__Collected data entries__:
● ● ●

lemma residues_without_difference:
  fixes f m :: int and n :: nat
  assumes "0 < f" and "f + even_block f (int n + 1) \<le> m"
  obtains R where "card R = n" "R \<subseteq> {0<..<m - f}"
    and "\<And>r s. r \<in> insert 0 R \<Longrightarrow> s \<in> insert 0 R \<Longrightarrow> r \<noteq> s + f"
proof
  define R where "R = even_block f ` {1..int n}"
  have mono: "strict_mono (even_block f)" using even_block_strict_mono[OF assms(1)] .
  have "card R = card {1..int n}"
    unfolding R_def using strict_mono_imp_inj_on[OF mono] by (rule card_image)
  then show "card R = n" by simp
  have zero: "even_block f 0 = 0" by (simp add: even_block_def)
  show "R \<subseteq> {0<..<m - f}"
  proof
    fix r assume "r \<in> R"
    then obtain i where "i \<in> {1..int n}" and r: "r = even_block f i"
      unfolding R_def by blast
    then have i: "0 < i" "i < int n + 1" by simp_all
    have "even_block f 0 < r" "r < even_block f (int n + 1)"
      unfolding r using strict_monoD[OF mono] i by blast+
    then show "r \<in> {0<..<m - f}" using zero assms(2) by simp
  qed
  have range: "insert 0 R \<subseteq> range (even_block f)"
    unfolding R_def using zero rangeI[of "even_block f" 0] by auto
  show "r \<noteq> s + f" if "r \<in> insert 0 R" "s \<in> insert 0 R" for r s
  proof -
    have "r \<in> range (even_block f)" "s \<in> range (even_block f)"
      using subsetD[OF range] that by simp_all
    then show ?thesis using even_block_neq_plus[OF assms(1)] by auto
  qed
qed

locale mac_construction =
  fixes m f :: int and B F :: "int set" and q :: "int \<Rightarrow> int"
  assumes f_pos: "0 < f" and f_less: "f < m"
    and finite_B: "finite B" and B_dvd: "\<And>b. b \<in> B \<Longrightarrow> m dvd b"
    and finite_F: "finite F" and F_nonempty: "F \<noteq> {}"
    and F_mod: "\<And>x. x \<in> F \<Longrightarrow> x mod m = f"
    and inj_q: "inj_on q B"
    and q_pos: "\<And>b. b \<in> B \<Longrightarrow> 0 < q b" and q_less: "\<And>b. b \<in> B \<Longrightarrow> q b + f < m"
    and q_no_difference: "\<And>r s. r \<in> insert 0 (q ` B) \<Longrightarrow> s \<in> insert 0 (q ` B) \<Longrightarrow> r \<noteq> s + f"
begin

● ● ●

__Exercise requirements__: Copy out the lines above exactly, beginning at the one that contains "0 R \<subseteq>" and ending at the one that contains "using subsetD[OF range]".

__Completed task__:
  have range: "insert 0 R \<subseteq> range (even_block f)"
    unfolding R_def using zero rangeI[of "even_block f" 0] by auto
  show "r \<noteq> s + f" if "r \<in> insert 0 R" "s \<in> insert 0 R" for r s
  proof -
    have "r \<in> range (even_block f)" "s \<in> range (even_block f)"
      using subsetD[OF range] that by simp_all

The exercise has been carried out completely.